Потому что на площадке, где тебе комфортно, ты можешь недополучать то, за чем приходишь. Директор ЦИМа (Центра имени Мейерхольда, — ред.) Елена Ковальская как-то назвала это «ожогом». Мы много говорили о том, что ЦИМ — очень комфортное место. Елена говорила об этом с иронией: мол, вам, молодым бунтарям, на самом деле хочется найти тёплое место, где вам будут всё разрешать, где вы будете ставить любые спектакли, которые потом будут отбирать на «Золотую Маску». Но всё это — аквариум, в котором как художник ты постепенно перестаёшь существовать, ведь эти комфорт и признание отбирают у тебя часть твоего процесса изменений. А рождают его непризнание и антагонизм.

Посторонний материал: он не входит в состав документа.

(* Let $\sigma:\mathbb{R}\to\mathbb{R}$ satisfy $|\sigma(x)|\le1$ for all $x$, be $L$-Lipschitz, and be $(R,\varepsilon)$-nondegenerate with $R\ge1$, $\varepsilon<1$. Let $\ell\ge20(R+L)/\varepsilon$, $\sigma^{(\ell)}(x)=\sigma(x)e^{-x^2/(2\ell^2)}$, and define $$a=\frac{\varepsilon}{8}\sqrt{\frac{1}{R\ell}},\qquad B=4\ell\log\!\Big(\frac{\ell R}{\varepsilon}\Big),\qquad \mathcal{S}^{(\ell)}=[-B,-a]\cup[a,B].$$ Then $$\int_{\mathcal{S}^{(\ell)}}|\widehat{\sigma^{(\ell)}}(y)|^2\,dy\ge\frac{\varepsilon^2}{8R\ell^2}.$$
   Context: Fourier transform: $\widehat g(y)=\frac{1}{\sqrt{2\pi}}\int_{-\infty}^{\infty}e^{-\mathrm{i}yx}g(x)\,dx$. A function $\sigma$ is $(R,\varepsilon)$-nondegenerate if there are $x_1,x_2\in[-R,R]$ with $\sigma(x_1)-\sigma(x_2)\ge\varepsilon$. *)

theory Defs
  imports "HOL-Analysis.Analysis"
begin

definition fourier :: "(real \<Rightarrow> complex) \<Rightarrow> real \<Rightarrow> complex" where
  "fourier g y = complex_of_real (1 / sqrt (2 * pi)) *
     integral UNIV (\<lambda>x. exp (- \<i> * complex_of_real (y * x)) * g x)"

definition nondegenerate :: "real \<Rightarrow> real \<Rightarrow> (real \<Rightarrow> real) \<Rightarrow> bool" where
  "nondegenerate R \<epsilon> \<sigma> \<longleftrightarrow>
     (\<exists>x1\<in>{-R..R}. \<exists>x2\<in>{-R..R}. \<sigma> x1 - \<sigma> x2 \<ge> \<epsilon>)"

end

theory Submission
  imports Defs "HOL-Probability.Characteristic_Functions"
begin

text \<open>
  Pick \<open>x1, x2 \<in> [-R, R]\<close> with \<open>\<sigma> x1 - \<sigma> x2 \<ge> \<epsilon>\<close>, write \<open>g\<close> for the Gaussian
  \<open>exp (- x\<^sup>2 / (2 l\<^sup>2))\<close> and \<open>f = \<sigma> g\<close>, and integrate
  \<open>g y * Re (f_hat y * (exp (i y x1) - exp (i y x2)))\<close> over all frequencies \<open>y\<close>.
  By Fubini and the Fourier transform of the Gaussian, the result is \<open>sqrt (2 pi)\<close> times the
  difference of the smoothings of \<open>f\<close> by a normal density of width \<open>1 / l\<close> at \<open>x1\<close> and \<open>x2\<close>;
  as \<open>f\<close> is Lipschitz and close to \<open>\<sigma>\<close> on \<open>[-R, R]\<close>, this is at least \<open>2 \<epsilon>\<close>.
  On the other hand the integrand is bounded by \<open>l |y| |x1 - x2|\<close> for \<open>|y| < a\<close> and by
  \<open>2 l g y\<close> everywhere, so these frequencies and those with \<open>|y| > B\<close> contribute little,
  while on \<open>S = [-B, -a] \<union> [a, B]\<close> it is at most \<open>2 g |f_hat| \<le> t |f_hat|\<^sup>2 + g / t\<close>.
  Hence \<open>2 \<epsilon>\<close> is bounded by \<open>t\<close> times the energy of \<open>f_hat\<close> on \<open>S\<close> plus small terms,
  and \<open>t = 8 R l\<^sup>2 / \<epsilon>\<close> gives the claim.
\<close>

definition gauss :: "real \<Rightarrow> real \<Rightarrow> real" where
  "gauss l x = exp (- x\<^sup>2 / (2 * l\<^sup>2))"

lemma gauss_pos [simp]: "0 < gauss l x"
  by (simp add: gauss_def)

lemma gauss_nonneg [simp]: "0 \<le> gauss l x"
  by (simp add: gauss_def)

lemma gauss_le_one [simp]: "gauss l x \<le> 1"
  by (simp add: gauss_def)

lemma gauss_measurable [measurable]: "gauss l \<in> borel_measurable borel"
  unfolding gauss_def by measurable

lemma one_minus_gauss_le: "1 - gauss l x \<le> x\<^sup>2 / (2 * l\<^sup>2)"
  using exp_ge_add_one_self[of "- x\<^sup>2 / (2 * l\<^sup>2)"] by (simp add: gauss_def)

lemma gauss_le_exp_mult_gauss:
  assumes "0 \<le> B" "B \<le> \<bar>y\<bar>"
  shows "gauss l y \<le> exp (- B\<^sup>2 / (4 * l\<^sup>2)) * gauss (sqrt 2 * l) y"
proof -
  have "B\<^sup>2 \<le> y\<^sup>2"
    using assms abs_le_square_iff[of B y] by simp
  then have "gauss (sqrt 2 * l) y \<le> exp (- B\<^sup>2 / (4 * l\<^sup>2))"
    by (simp add: gauss_def power_mult_distrib divide_right_mono)
  moreover have "gauss l y = gauss (sqrt 2 * l) y * gauss (sqrt 2 * l) y"
    by (simp add: gauss_def power_mult_distrib flip: exp_add)
  ultimately show ?thesis
    by (simp add: mult_right_mono)
qed

lemma has_bochner_integral_std_normal_density_cos:
  "has_bochner_integral lborel (\<lambda>x. std_normal_density x * cos (t * x)) (exp (- t\<^sup>2 / 2))"
proof -
  have bounded: "norm (std_normal_density x *\<^sub>R iexp (t * x)) \<le> std_normal_density x" for x
    by (simp add: normal_density_nonneg)
  have integrable: "integrable lborel (\<lambda>x. std_normal_density x *\<^sub>R iexp (t * x))"
    by (rule Bochner_Integration.integrable_bound[OF integrable_normal_density[of 1 0]])
      (use bounded in auto)
  have "(LINT x|lborel. std_normal_density x *\<^sub>R iexp (t * x)) = char std_normal_distribution t"
    unfolding char_def by (subst integral_density) (auto simp: normal_density_nonneg)
  also have "\<dots> = complex_of_real (exp (- t\<^sup>2 / 2))"
    by (simp add: char_std_normal_distribution)
  finally have "has_bochner_integral lborel (\<lambda>x. Re (std_normal_density x *\<^sub>R iexp (t * x)))
      (exp (- t\<^sup>2 / 2))"
    using has_bochner_integral_Re[OF has_bochner_integral_integrable[OF integrable]] by simp
  then show ?thesis
    by (simp add: Re_exp)
qed

lemma has_bochner_integral_gauss_cos:
  assumes l: "0 < l"
  shows "has_bochner_integral lborel (\<lambda>y. gauss l y * cos (y * t))
           (l * sqrt (2 * pi) * exp (- (l * t)\<^sup>2 / 2))"
proof -
  let ?I = "l * sqrt (2 * pi) * exp (- (l * t)\<^sup>2 / 2)"
  have "(\<lambda>x. sqrt (2 * pi) * (std_normal_density x * cos ((l * t) * x))) =
        (\<lambda>x. gauss l (0 + l * x) * cos ((0 + l * x) * t))"
    using l by (auto simp: gauss_def std_normal_density_def power_mult_distrib mult_ac)
  moreover have "sqrt (2 * pi) * exp (- (l * t)\<^sup>2 / 2) = ?I /\<^sub>R \<bar>l\<bar>"
    using l by simp
  moreover have "has_bochner_integral lborel
      (\<lambda>x. sqrt (2 * pi) * (std_normal_density x * cos ((l * t) * x)))
      (sqrt (2 * pi) * exp (- (l * t)\<^sup>2 / 2))"
    by (intro has_bochner_integral_mult_right has_bochner_integral_std_normal_density_cos)
  ultimately show ?thesis
    using lborel_has_bochner_integral_real_affine_iff[of l "\<lambda>y. gauss l y * cos (y * t)" ?I 0] l
    by (simp only:)
qed

lemma has_bochner_integral_gauss:
  assumes "0 < l"
  shows "has_bochner_integral lborel (gauss l) (l * sqrt (2 * pi))"
  using has_bochner_integral_gauss_cos[OF assms, of 0]
  by (simp only: mult_zero_right cos_zero mult_1_right power_zero_numeral minus_zero div_0 exp_zero)

lemma integrable_gauss: "0 < l \<Longrightarrow> integrable lborel (gauss l)"
  by (rule integrable.intros[OF has_bochner_integral_gauss])

lemma integral_gauss: "0 < l \<Longrightarrow> (LINT x|lborel. gauss l x) = l * sqrt (2 * pi)"
  by (rule has_bochner_integral_integral_eq[OF has_bochner_integral_gauss])

lemma gauss_lipschitz:
  assumes "0 < l"
  shows "(1 / l)-lipschitz_on UNIV (gauss l)"
proof (rule bounded_derivative_imp_lipschitz)
  fix x :: real
  let ?D = "gauss l x * (- x / l\<^sup>2)"
  show "(gauss l has_derivative (\<lambda>h. h * ?D)) (at x within UNIV)"
    using assms unfolding gauss_def
    by (auto intro!: derivative_eq_intros simp: field_simps power2_eq_square)
  define u where "u = \<bar>x\<bar> / l"
  have "u \<le> 1 + u\<^sup>2 / 2"
    using zero_le_power2[of "u - 1"] by (simp add: power2_diff)
  also have "\<dots> \<le> exp (u\<^sup>2 / 2)"
    by (rule exp_ge_add_one_self)
  finally have "u * exp (- u\<^sup>2 / 2) \<le> 1"
    by (simp add: exp_minus divide_inverse[symmetric] pos_divide_le_eq)
  moreover have "u\<^sup>2 / 2 = x\<^sup>2 / (2 * l\<^sup>2)"
    unfolding u_def by (simp add: power_divide)
  ultimately have "\<bar>x\<bar> / l * gauss l x \<le> 1"
    unfolding gauss_def u_def by simp
  moreover have "onorm (\<lambda>h. h * ?D) = \<bar>?D\<bar>"
    using onorm_scaleR_left[OF bounded_linear_ident, of ?D] by (simp add: onorm_id)
  ultimately show "onorm (\<lambda>h. h * ?D) \<le> 1 / l"
    using assms by (simp add: abs_mult power2_eq_square divide_le_eq mult.commute)
qed (use assms in auto)

lemma lipschitz_on_mult_real:
  fixes f g :: "'a::metric_space \<Rightarrow> real"
  assumes f: "L-lipschitz_on S f" and g: "M-lipschitz_on S g"
    and "\<And>x. x \<in> S \<Longrightarrow> \<bar>f x\<bar> \<le> A" "\<And>x. x \<in> S \<Longrightarrow> \<bar>g x\<bar> \<le> B" "0 \<le> A" "0 \<le> B"
  shows "(A * M + B * L)-lipschitz_on S (\<lambda>x. f x * g x)"
proof (rule lipschitz_onI)
  fix x y assume xy: "x \<in> S" "y \<in> S"
  have "f x * g x - f y * g y = f x * (g x - g y) + g y * (f x - f y)"
    by (simp add: algebra_simps)
  then have "dist (f x * g x) (f y * g y) \<le> \<bar>f x\<bar> * dist (g x) (g y) + \<bar>g y\<bar> * dist (f x) (f y)"
    by (metis abs_mult abs_triangle_ineq dist_real_def)
  also have "\<dots> \<le> A * (M * dist x y) + B * (L * dist x y)"
    using assms xy lipschitz_onD[OF f xy] lipschitz_onD[OF g xy]
    by (intro add_mono mult_mono) auto
  finally show "dist (f x * g x) (f y * g y) \<le> (A * M + B * L) * dist x y"
    by (simp add: algebra_simps)
qed (use assms lipschitz_on_nonneg[OF f] lipschitz_on_nonneg[OF g] in auto)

Если я всё время буду работать в ЦИМе, я адаптируюсь и получу свой аквариум. Но мне всегда из него будет хотеться вырваться в какую-то очень небезопасную среду.

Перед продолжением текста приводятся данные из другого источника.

theorem lemma5:
  fixes N :: nat and d T :: real and s xe :: "nat \<Rightarrow> real"
  assumes "N \<ge> 1" and "d > 0" and "T \<ge> real (N + 1) * d"
    and "0 \<le> s 1" and "\<And>k. 1 \<le> k \<Longrightarrow> k < N \<Longrightarrow> s k \<le> s (k + 1)"
    and "feasPe N T d s xe"
    and "\<And>y. feasPe N T d s y \<Longrightarrow> objPe N xe \<le> objPe N y"
  shows "\<forall>i\<in>{1..N}. xe i = ibXbar N T d s i"
proof -
  let ?x = "ibXbar N T d s"
  have x_feas: "feasPe N T d s ?x"
    by (rule feasPe_ibXbar)
  have "\<forall>i\<in>{1..N + 1}. xe i = ?x i"
  proof (rule eq_of_antimono_prefix_minimal)
    show "(\<Sum>i=1..N + 1. xe i) = (\<Sum>i=1..N + 1. ?x i)"
      using x_feas assms(6) unfolding feasPe_def by simp
    show "?x (j + 1) \<le> ?x j" if "1 \<le> j" "j < N + 1" for j
      using ibXbar_Suc_le that by simp
    show "(\<Sum>i=1..j. ?x i) \<le> (\<Sum>i=1..j. xe i)" if "1 \<le> j" "j < N + 1" "?x (j + 1) < ?x j" for j
      using sum_ibXbar_tight_at_drop[of j] assms(6) that unfolding feasPe_def by auto
    show "(\<Sum>i=1..N + 1. (xe i)\<^sup>2) \<le> (\<Sum>i=1..N + 1. (?x i)\<^sup>2)"
      using assms(7)[OF x_feas] unfolding objPe_def by simp
  qed
  then show ?thesis by simp
qed

end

— Мне показалось любопытным, что «Маму», спектакль о разрыве в коммуникации, вы сделали с представителями другого поколения — народными артистами Анной Алексахиной и Сергеем Мигицко.
— Кажется, они ужасно страдают из-за этого. Про Сергея Мигицко я так ничего и не понял, потому что он наглухо закрыт, но при всём этом он невероятный интуит. Я понимал, что в этом спектакле мне нужно было настроить одного человека — Анну Алексахину. Спектакль так устроен, что она задаёт определённую временную последовательность, расставляет такие ловушки, в которые, если всё будет сделано верно, Мигицко попадёт. И там он может быть собой. Петь песни Окуджавы, и это окажется метамодернистским текстом. Или мы можем к этому отнестись как к чуть ли не ностальгическому проявлению человека, для которого этот звук, это стихосложение, этот набор культурологических феноменов является единственно органичным в выражении себя. Всё это погружается в раствор электронной музыки, которая для Сергея Мигицко — шум. Но вместе получается любопытно.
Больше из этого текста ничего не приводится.